**REQUIREMENT**
Pick each line containing "definition" out of the records.

**Saved entries**
== Segment start ==
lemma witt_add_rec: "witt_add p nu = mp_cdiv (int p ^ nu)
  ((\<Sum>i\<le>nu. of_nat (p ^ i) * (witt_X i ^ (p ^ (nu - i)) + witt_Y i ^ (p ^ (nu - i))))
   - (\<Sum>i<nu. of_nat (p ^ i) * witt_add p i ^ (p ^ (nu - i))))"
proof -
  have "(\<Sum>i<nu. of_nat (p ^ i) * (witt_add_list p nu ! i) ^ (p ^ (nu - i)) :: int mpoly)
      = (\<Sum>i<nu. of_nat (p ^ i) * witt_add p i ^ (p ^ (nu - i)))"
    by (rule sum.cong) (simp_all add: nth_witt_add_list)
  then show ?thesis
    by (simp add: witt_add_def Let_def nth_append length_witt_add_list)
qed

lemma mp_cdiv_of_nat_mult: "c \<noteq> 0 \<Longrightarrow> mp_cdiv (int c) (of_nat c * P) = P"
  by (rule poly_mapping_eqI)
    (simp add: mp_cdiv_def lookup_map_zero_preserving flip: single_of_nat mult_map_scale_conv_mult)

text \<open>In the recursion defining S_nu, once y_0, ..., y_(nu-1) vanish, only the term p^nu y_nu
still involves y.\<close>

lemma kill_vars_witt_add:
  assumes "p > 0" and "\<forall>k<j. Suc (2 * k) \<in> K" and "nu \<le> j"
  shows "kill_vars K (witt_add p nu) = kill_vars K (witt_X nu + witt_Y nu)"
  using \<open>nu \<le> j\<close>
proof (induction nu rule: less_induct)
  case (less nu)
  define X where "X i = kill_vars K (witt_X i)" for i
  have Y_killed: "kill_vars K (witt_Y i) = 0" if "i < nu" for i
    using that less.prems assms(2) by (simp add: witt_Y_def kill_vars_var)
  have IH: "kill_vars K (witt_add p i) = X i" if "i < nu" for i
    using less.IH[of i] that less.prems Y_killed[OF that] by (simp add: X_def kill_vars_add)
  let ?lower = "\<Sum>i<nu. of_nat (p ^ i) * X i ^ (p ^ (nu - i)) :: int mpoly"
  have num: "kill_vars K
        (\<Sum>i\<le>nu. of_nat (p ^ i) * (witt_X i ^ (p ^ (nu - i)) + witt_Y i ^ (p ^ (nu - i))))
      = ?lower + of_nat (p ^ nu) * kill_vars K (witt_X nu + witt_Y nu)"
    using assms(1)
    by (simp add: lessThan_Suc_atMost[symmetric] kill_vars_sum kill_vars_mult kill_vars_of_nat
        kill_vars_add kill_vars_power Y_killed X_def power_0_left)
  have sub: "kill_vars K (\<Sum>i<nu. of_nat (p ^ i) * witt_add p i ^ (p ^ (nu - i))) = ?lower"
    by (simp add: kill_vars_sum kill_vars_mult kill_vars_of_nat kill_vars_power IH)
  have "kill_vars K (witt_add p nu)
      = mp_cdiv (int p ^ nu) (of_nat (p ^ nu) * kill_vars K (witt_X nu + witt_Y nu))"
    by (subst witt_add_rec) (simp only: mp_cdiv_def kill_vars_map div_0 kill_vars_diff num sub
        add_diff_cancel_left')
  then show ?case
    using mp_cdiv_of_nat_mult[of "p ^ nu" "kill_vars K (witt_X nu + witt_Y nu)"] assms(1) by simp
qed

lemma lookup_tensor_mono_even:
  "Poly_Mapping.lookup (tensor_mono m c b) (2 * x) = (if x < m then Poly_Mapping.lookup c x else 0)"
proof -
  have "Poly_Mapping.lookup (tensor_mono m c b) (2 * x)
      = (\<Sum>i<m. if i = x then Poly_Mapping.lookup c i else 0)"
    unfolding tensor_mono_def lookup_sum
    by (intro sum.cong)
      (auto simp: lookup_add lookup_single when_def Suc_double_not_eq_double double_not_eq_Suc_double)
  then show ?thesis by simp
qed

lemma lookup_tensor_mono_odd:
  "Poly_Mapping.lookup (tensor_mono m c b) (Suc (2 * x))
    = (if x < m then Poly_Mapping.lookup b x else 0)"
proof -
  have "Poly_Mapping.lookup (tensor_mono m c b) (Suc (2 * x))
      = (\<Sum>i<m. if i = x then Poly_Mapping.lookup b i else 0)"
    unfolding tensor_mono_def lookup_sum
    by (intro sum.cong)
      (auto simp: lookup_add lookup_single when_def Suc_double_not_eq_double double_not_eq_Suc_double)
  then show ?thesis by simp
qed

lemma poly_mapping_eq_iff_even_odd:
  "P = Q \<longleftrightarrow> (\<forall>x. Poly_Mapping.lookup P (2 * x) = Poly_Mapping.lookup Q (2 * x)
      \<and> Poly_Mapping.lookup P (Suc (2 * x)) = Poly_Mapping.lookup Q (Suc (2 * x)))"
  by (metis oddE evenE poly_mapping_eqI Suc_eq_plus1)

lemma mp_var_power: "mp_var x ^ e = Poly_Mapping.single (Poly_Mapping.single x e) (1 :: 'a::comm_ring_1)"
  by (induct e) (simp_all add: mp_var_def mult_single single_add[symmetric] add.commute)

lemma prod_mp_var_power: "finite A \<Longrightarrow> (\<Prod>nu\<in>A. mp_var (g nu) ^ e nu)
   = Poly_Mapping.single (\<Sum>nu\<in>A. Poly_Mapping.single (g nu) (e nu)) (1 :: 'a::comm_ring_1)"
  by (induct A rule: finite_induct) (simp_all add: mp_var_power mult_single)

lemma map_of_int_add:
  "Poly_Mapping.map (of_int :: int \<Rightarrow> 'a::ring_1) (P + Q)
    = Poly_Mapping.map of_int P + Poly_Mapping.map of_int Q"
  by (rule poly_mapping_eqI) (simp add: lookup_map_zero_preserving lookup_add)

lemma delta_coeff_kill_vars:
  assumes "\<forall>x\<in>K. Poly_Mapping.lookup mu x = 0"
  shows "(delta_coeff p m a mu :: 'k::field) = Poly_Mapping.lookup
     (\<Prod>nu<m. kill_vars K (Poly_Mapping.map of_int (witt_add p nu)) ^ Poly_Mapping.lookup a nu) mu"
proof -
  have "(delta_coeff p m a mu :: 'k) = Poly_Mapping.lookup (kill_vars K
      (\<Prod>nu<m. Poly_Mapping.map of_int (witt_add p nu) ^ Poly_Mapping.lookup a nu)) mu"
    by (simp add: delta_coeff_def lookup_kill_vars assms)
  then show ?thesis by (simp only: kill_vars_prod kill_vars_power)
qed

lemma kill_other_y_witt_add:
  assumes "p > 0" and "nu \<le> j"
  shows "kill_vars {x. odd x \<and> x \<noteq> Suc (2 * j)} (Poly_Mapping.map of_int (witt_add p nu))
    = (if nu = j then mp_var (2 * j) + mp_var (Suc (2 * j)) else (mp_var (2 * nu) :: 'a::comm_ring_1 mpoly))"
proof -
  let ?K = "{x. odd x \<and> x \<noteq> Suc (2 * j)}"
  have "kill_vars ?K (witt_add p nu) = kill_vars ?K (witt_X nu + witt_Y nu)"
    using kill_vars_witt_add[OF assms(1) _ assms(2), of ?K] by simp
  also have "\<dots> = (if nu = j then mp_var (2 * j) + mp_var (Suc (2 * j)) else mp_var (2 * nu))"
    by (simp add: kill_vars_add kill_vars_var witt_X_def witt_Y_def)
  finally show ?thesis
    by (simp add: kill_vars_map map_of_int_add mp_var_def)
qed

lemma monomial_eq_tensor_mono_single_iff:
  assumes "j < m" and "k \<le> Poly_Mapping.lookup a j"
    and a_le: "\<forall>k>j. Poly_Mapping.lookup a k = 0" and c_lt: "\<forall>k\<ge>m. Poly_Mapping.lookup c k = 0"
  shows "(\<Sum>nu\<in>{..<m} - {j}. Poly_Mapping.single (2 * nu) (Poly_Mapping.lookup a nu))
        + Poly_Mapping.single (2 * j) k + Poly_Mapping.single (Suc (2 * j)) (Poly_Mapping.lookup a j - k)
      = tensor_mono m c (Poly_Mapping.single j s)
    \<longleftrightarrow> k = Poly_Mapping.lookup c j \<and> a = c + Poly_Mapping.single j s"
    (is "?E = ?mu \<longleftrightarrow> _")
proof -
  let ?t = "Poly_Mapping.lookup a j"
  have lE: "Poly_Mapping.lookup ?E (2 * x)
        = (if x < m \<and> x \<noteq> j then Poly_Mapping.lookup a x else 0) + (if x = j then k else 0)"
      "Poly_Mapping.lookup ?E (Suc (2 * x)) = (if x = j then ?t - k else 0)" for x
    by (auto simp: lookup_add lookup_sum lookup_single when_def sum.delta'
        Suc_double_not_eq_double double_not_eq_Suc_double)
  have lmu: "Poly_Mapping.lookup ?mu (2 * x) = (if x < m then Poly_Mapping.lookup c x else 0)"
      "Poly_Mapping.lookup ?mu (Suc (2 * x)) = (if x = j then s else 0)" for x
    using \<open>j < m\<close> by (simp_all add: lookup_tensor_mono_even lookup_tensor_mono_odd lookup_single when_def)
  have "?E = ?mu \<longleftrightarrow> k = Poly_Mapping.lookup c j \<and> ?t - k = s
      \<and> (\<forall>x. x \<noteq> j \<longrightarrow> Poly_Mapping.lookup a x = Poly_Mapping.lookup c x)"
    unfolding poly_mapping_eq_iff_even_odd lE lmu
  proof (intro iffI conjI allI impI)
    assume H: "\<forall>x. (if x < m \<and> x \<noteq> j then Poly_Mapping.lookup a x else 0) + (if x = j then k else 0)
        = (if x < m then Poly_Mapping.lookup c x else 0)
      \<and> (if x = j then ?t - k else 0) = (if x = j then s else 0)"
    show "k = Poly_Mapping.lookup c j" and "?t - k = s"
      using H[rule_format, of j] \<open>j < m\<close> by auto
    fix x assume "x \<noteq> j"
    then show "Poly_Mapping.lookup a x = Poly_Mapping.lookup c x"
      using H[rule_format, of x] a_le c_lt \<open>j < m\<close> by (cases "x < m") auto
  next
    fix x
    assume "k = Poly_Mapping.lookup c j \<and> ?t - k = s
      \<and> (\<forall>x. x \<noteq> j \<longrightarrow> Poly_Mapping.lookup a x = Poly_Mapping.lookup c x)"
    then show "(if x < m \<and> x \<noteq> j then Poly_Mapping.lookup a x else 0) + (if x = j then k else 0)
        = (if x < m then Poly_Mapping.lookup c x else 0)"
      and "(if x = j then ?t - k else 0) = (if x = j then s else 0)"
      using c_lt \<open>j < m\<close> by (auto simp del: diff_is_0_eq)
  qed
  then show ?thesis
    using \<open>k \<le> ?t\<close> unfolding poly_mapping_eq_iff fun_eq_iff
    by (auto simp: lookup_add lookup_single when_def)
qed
== Segment end ==
== Segment start ==
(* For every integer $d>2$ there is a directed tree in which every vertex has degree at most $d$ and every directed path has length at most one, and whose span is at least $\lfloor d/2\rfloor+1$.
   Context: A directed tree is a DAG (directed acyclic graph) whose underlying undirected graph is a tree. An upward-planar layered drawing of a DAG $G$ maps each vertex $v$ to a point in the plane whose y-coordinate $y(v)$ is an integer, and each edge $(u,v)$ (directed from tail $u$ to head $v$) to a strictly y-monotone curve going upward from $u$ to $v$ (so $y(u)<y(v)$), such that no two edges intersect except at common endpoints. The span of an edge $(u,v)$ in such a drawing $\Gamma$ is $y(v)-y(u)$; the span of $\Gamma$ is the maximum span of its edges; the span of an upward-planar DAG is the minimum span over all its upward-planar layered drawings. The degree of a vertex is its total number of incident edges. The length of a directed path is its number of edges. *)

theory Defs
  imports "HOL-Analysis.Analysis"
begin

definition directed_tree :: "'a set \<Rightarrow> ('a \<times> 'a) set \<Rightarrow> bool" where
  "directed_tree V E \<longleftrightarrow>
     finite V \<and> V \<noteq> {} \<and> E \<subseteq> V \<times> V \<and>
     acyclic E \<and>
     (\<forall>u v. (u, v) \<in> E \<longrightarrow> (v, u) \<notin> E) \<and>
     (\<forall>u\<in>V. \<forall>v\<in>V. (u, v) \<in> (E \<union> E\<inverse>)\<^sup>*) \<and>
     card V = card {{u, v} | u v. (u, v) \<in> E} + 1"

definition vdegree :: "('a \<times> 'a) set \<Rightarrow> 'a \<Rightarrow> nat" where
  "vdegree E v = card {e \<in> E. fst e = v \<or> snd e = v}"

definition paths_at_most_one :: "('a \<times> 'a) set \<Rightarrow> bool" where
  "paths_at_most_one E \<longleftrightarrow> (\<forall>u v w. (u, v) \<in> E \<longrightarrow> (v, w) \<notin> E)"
== Segment end ==
== Segment start ==
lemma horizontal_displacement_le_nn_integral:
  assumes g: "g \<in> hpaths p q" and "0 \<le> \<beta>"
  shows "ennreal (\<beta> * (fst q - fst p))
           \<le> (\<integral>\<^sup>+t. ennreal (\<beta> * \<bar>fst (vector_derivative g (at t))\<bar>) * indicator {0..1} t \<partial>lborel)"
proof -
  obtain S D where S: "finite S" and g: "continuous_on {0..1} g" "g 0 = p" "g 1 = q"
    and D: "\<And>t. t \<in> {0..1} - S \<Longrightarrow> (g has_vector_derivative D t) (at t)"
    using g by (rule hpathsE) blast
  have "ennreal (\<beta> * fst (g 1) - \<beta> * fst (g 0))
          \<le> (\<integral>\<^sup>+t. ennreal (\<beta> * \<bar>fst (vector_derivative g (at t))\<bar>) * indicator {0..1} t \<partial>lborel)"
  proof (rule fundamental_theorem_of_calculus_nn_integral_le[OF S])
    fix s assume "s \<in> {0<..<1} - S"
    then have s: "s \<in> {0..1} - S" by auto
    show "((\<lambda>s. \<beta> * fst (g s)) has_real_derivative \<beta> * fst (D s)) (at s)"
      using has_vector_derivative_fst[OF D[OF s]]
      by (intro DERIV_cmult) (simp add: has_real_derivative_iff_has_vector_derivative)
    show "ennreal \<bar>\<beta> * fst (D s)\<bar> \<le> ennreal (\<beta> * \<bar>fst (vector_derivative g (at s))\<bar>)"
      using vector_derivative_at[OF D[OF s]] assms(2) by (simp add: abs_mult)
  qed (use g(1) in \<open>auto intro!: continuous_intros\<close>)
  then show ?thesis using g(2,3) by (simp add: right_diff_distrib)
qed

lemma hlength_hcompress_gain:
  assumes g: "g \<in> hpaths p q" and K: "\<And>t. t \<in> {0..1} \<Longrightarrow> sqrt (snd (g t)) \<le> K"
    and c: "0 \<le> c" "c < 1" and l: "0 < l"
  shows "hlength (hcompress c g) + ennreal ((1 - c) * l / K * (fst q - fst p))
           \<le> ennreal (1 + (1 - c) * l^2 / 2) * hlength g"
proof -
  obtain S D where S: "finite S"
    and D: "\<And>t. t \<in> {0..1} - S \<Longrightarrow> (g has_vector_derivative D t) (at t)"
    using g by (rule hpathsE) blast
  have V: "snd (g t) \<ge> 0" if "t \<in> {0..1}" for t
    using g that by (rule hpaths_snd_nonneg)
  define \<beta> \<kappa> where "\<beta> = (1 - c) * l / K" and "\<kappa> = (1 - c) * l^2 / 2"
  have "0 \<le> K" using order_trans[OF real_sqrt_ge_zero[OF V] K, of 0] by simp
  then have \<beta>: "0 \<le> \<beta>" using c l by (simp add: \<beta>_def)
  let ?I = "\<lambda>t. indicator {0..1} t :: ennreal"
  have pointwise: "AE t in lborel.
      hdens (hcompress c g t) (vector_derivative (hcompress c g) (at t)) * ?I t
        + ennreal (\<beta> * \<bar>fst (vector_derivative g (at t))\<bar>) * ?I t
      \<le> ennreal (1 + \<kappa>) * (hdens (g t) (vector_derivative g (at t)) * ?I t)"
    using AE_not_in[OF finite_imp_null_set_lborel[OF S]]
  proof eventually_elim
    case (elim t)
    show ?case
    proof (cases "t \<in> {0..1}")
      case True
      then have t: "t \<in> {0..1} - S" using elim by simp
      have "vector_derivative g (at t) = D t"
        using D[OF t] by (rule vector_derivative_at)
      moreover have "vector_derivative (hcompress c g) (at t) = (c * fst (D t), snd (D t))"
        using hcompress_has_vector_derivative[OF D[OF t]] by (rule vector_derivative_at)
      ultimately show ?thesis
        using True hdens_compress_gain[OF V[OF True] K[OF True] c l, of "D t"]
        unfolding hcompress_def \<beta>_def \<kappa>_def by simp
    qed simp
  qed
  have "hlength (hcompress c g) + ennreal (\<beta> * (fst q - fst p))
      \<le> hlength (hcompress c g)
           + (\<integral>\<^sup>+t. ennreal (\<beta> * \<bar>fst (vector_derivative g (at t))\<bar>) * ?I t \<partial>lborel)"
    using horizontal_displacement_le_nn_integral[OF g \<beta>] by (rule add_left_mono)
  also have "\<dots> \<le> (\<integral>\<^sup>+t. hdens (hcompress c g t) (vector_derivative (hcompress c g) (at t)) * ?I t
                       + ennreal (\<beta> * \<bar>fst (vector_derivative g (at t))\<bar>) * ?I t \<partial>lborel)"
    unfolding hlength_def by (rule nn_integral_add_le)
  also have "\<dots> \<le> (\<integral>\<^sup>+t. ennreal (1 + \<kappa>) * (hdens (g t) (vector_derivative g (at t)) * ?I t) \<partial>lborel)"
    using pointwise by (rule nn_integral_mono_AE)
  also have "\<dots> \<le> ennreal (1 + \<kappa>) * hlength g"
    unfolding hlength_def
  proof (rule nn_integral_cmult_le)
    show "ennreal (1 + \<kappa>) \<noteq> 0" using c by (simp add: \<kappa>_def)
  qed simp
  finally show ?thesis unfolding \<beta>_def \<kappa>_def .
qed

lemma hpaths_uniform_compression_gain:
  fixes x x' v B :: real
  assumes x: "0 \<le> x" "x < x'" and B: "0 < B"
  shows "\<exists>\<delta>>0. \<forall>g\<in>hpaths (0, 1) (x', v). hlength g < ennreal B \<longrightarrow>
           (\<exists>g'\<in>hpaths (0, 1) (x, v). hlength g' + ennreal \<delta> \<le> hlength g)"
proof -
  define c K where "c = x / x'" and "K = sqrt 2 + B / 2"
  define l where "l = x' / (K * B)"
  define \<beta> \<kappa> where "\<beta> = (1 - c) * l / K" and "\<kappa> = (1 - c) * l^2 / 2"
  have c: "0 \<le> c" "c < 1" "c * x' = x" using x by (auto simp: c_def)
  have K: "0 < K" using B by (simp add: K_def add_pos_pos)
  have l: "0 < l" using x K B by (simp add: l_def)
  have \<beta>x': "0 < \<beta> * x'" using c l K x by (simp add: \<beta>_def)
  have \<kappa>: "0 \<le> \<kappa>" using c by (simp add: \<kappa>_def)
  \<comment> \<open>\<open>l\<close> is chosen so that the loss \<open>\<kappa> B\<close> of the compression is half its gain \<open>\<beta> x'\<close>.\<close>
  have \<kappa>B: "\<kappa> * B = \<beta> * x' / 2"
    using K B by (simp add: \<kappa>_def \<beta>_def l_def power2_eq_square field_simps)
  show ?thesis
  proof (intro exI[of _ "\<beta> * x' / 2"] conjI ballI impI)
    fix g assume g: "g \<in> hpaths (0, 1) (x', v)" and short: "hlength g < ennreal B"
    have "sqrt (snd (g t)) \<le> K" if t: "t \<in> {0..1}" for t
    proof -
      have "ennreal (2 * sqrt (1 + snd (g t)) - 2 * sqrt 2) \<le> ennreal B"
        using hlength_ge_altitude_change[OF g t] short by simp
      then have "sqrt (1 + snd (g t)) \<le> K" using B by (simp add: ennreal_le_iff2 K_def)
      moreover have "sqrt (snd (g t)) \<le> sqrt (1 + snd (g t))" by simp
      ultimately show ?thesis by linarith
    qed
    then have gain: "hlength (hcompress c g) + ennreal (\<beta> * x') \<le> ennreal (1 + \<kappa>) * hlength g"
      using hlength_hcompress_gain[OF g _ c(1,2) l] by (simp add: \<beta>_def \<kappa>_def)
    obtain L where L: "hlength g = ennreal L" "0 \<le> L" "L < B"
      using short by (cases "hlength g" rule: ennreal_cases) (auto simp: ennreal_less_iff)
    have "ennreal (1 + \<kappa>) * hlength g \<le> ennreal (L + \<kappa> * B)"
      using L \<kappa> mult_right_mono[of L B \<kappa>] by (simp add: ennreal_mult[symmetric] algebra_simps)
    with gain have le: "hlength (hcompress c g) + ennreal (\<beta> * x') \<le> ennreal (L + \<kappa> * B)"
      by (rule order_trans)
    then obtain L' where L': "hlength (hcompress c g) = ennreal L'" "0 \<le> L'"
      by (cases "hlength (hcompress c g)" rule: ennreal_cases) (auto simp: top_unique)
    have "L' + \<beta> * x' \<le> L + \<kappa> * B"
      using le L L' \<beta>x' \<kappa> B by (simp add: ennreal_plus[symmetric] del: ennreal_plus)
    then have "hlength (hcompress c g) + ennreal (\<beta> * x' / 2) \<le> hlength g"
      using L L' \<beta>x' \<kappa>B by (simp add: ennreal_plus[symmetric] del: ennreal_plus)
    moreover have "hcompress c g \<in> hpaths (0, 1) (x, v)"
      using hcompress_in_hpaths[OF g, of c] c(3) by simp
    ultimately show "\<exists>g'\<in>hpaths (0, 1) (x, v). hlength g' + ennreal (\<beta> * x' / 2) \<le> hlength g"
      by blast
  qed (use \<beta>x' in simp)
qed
== Segment end ==
**RESULT OF THE TASK**
definition directed_tree :: "'a set \<Rightarrow> ('a \<times> 'a) set \<Rightarrow> bool" where
definition vdegree :: "('a \<times> 'a) set \<Rightarrow> 'a \<Rightarrow> nat" where
definition paths_at_most_one :: "('a \<times> 'a) set \<Rightarrow> bool" where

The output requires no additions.